Celebrating the birthday of David Bowie with his most legendary songs.
This Friday marks four years since the death of a legend, and the music world is still feeling the terrible loss. Today (January 8th 2020) though, we celebrate what would have been David Bowie's 73rd birthday by putting together a playlist of the greatest songs he's ever released. It's by no means exhaustive, but there are plenty of favourites.
1. Life on Mars?
It's one of his most iconic songs of all time, and we're still not entirely sure what some of the lyrics even mean. Still, it's a masterpiece of songwriting and by far one of the greatest pieces of music to come out of the 70s. It featured on his 1971 fourth album 'Hunky Dory', but was later released as a single to huge popularity.
2. I'm Afraid of Americans
This gem from 1997's 'Earthling' was something of an industrial-esque affair, co-written by Brian Eno and co-produced by Nine Inch Nails with frontman Trent Reznor providing further instrumental as well as backing vocals. It's the last single to have charted on the Billboard Hot 100 until 'Blackstar' in 2015.
The iconic and haunting second single from his final album 'Blackstar', released on this day and just two days before his death, was quite the song to go out on. It features in Bowie's musical of the same name inspired by the 1963 novel 'The Man Who Fell to Earth' by Walter Tevis. The dark lyricism of the song also alludes to Bowie's impending death.
4. Space Oddity
Taken from his self-titled second studio album released in 1969, 'Space Oddity' was inspired by Stanley Kubrick's '2001: A Space Odyssey' and came just five days before the Apollo 11 mission launched. The song was re-released in 1975, becoming Bowie's first ever UK number one.
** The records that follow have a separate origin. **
(* There is a constant $B_0<\infty$ such that $\sup_{n\in\mathbb N}\left(\sqrt n\,\mathbb E|nM_n-2|\right)\le B_0$.
   Context: Kakutani's interval-splitting process: let $U_1,U_2,\dots$ be i.i.d. uniform random variables on $[0,1]$. At time $0$ the partition of $[0,1]$ consists of the single interval $[0,1]$. Given the partition at time $n\in\mathbb Z_+$ (which consists of $n+1$ intervals, whose lengths are a.s. distinct), let $[a,b]$ be the interval of maximal length; the partition at time $n+1$ is obtained by replacing $[a,b]$ by the two intervals $[a,a+U_{n+1}(b-a)]$ and $[a+U_{n+1}(b-a),b]$. $M_n$ is the maximal interval length at time $n$. *)

theory Defs
  imports "HOL-Probability.Probability"
begin

text \<open>Only the lengths of the intervals
matter for the maximal length; we keep the list of interval lengths.  Going from time n to n+1, the
interval of maximal length L is replaced by two intervals of lengths U_{n+1} L and
(1 - U_{n+1}) L.  (If several intervals have maximal length -- a null event -- the
resulting multiset of lengths does not depend on which one is split.)
The sequence u :: nat => real represents U_1, U_2, ... as u 1, u 2, ...; u 0 is unused.\<close>

fun kak_lengths :: "(nat \<Rightarrow> real) \<Rightarrow> nat \<Rightarrow> real list" where
  "kak_lengths u 0 = [1]"
| "kak_lengths u (Suc n) =
     (let ls = kak_lengths u n; L = Max (set ls)
      in remove1 L ls @ [u (Suc n) * L, (1 - u (Suc n)) * L])"

definition kak_max :: "nat \<Rightarrow> (nat \<Rightarrow> real) \<Rightarrow> real" where
  "kak_max n u = Max (set (kak_lengths u n))"

definition kak_space :: "(nat \<Rightarrow> real) measure" where
  "kak_space = PiM UNIV (\<lambda>_. uniform_measure lborel {0..1::real})"

end

theory Submission
  imports Defs "HOL-Analysis.Harmonic_Numbers"
begin

text \<open>Fix a threshold t > 0 and call an interval large if its length is at least t.
  Giving an interval of length L the potential 2L/t - 1 if it is large and 0 otherwise,
  the total potential plus the number of splits of large intervals performed so far is a
  martingale Y, started at 2/t - 1, whose increments are bounded by 2 and vanish once all
  intervals are small.  Hence E Y(n) = 2/t - 1, and the variance of Y(n) is at most
  4 E(number of large splits) \<le> 4 (2/t - 1).  If n M_n - 2 > x, then for t = (2 + x)/n all
  of the first n splits were large, so Y(n) \<ge> n; if n M_n - 2 < -x, then for t = (2 - x)/n
  no interval is large at time n, so Y(n) \<le> n.  Chebyshev's inequality turns both events
  into tail bounds of order (1 + x)/(n x^2), and summing the tails over the grid
  x = j/sqrt n gives E|n M_n - 2| = O(1/sqrt n).\<close>

lemma nth_remove1:
  "x \<in> set xs \<Longrightarrow> Suc i < length xs \<Longrightarrow>
   remove1 x xs ! i = (if \<exists>j\<le>i. xs ! j = x then xs ! Suc i else xs ! i)"
proof (induction xs arbitrary: i)
  case (Cons y ys)
  show ?case
  proof (cases "y = x")
    case False
    show ?thesis
    proof (cases i)
      case (Suc i')
      have "(\<exists>j\<le>i. (y # ys) ! j = x) \<longleftrightarrow> (\<exists>j\<le>i'. ys ! j = x)"
      proof
        assume "\<exists>j\<le>i. (y # ys) ! j = x"
        then obtain j where "j \<le> i" "(y # ys) ! j = x" by blast
        with False Suc show "\<exists>j\<le>i'. ys ! j = x" by (cases j) auto
      qed (metis Suc Suc_le_mono nth_Cons_Suc)
      with Cons False Suc show ?thesis by auto
    qed (use False in auto)
  qed auto
qed simp

lemma le_grid_count:
  fixes d z :: real
  assumes d: "0 < d" and z: "0 \<le> z" "z \<le> real N * d"
  shows "z \<le> d * (1 + card {j \<in> {1..N}. real j * d < z})"
proof -
  define m where "m = nat \<lceil>z / d\<rceil> - 1"
  have "real j * d < z" "j \<le> N" if "j \<in> {1..m}" for j
  proof -
    have "int j < \<lceil>z / d\<rceil>"
      using that by (auto simp: m_def)
    then have "real j < z / d"
      by (simp add: less_ceiling_iff)
    then show "real j * d < z"
      using d by (simp add: field_simps)
    then have "real j * d < real N * d"
      using z by linarith
    then have "real j < real N"
      using d by simp
    then show "j \<le> N"
      by simp
  qed
  then have "{1..m} \<subseteq> {j \<in> {1..N}. real j * d < z}"
    by auto
  then have m_le: "m \<le> card {j \<in> {1..N}. real j * d < z}"
    using card_mono[of "{j \<in> {1..N}. real j * d < z}" "{1..m}"] by simp
  have "z / d \<le> 1 + real m"
    using ceiling_correct[of "z / d"] by (simp add: m_def) linarith
  then have "z \<le> d * (1 + real m)"
    using d by (simp add: field_simps)
  also have "\<dots> \<le> d * (1 + card {j \<in> {1..N}. real j * d < z})"
    using m_le d by (intro mult_left_mono) auto
  finally show ?thesis .
qed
This last minute addition to 1972's 'The Rise and Fall of Ziggy Stardust and the Spiders from Mars' nearly didn't make the cut, which would have been a shame as it ties in so nicely with the whole concept of Ziggy Stardust and his alien friends. Definitely a solid favourite.
6. Magic Dance
It's hardly would you'd describe as typical Bowie as it was written and recorded for Jim Henson's 1986 film Labyrinth, in which he starred as the mysterious villain the Goblin King, but that doesn't mean it's any less of a masterpiece. It's full of fun, it's catchy as any of his other singles and features puppets - and who doesn't love puppets?
7. Rebel Rebel
Initially written for a Ziggy Stardust musical which was eventually shelved , 'Rebel Rebel' marked a stark departure from the glam rock aesthetic that made David Bowie famous. It featured on his 1974 album 'Diamond Dogs', and is one of the first examples of Bowie truly "rebelling" and going what many would consider a little off-piste.
8. Ziggy Stardust
This song is all about Bowie's alter-ego Ziggy Stardust, a rock star messenger for extraterrestrial beings and the lead character in his iconic concept album 'The Rise and Fall of Ziggy Stardust and the Spiders from Mars'. Ziggy is an icon for individuality, and paved the way for gender and sexual identity exploration.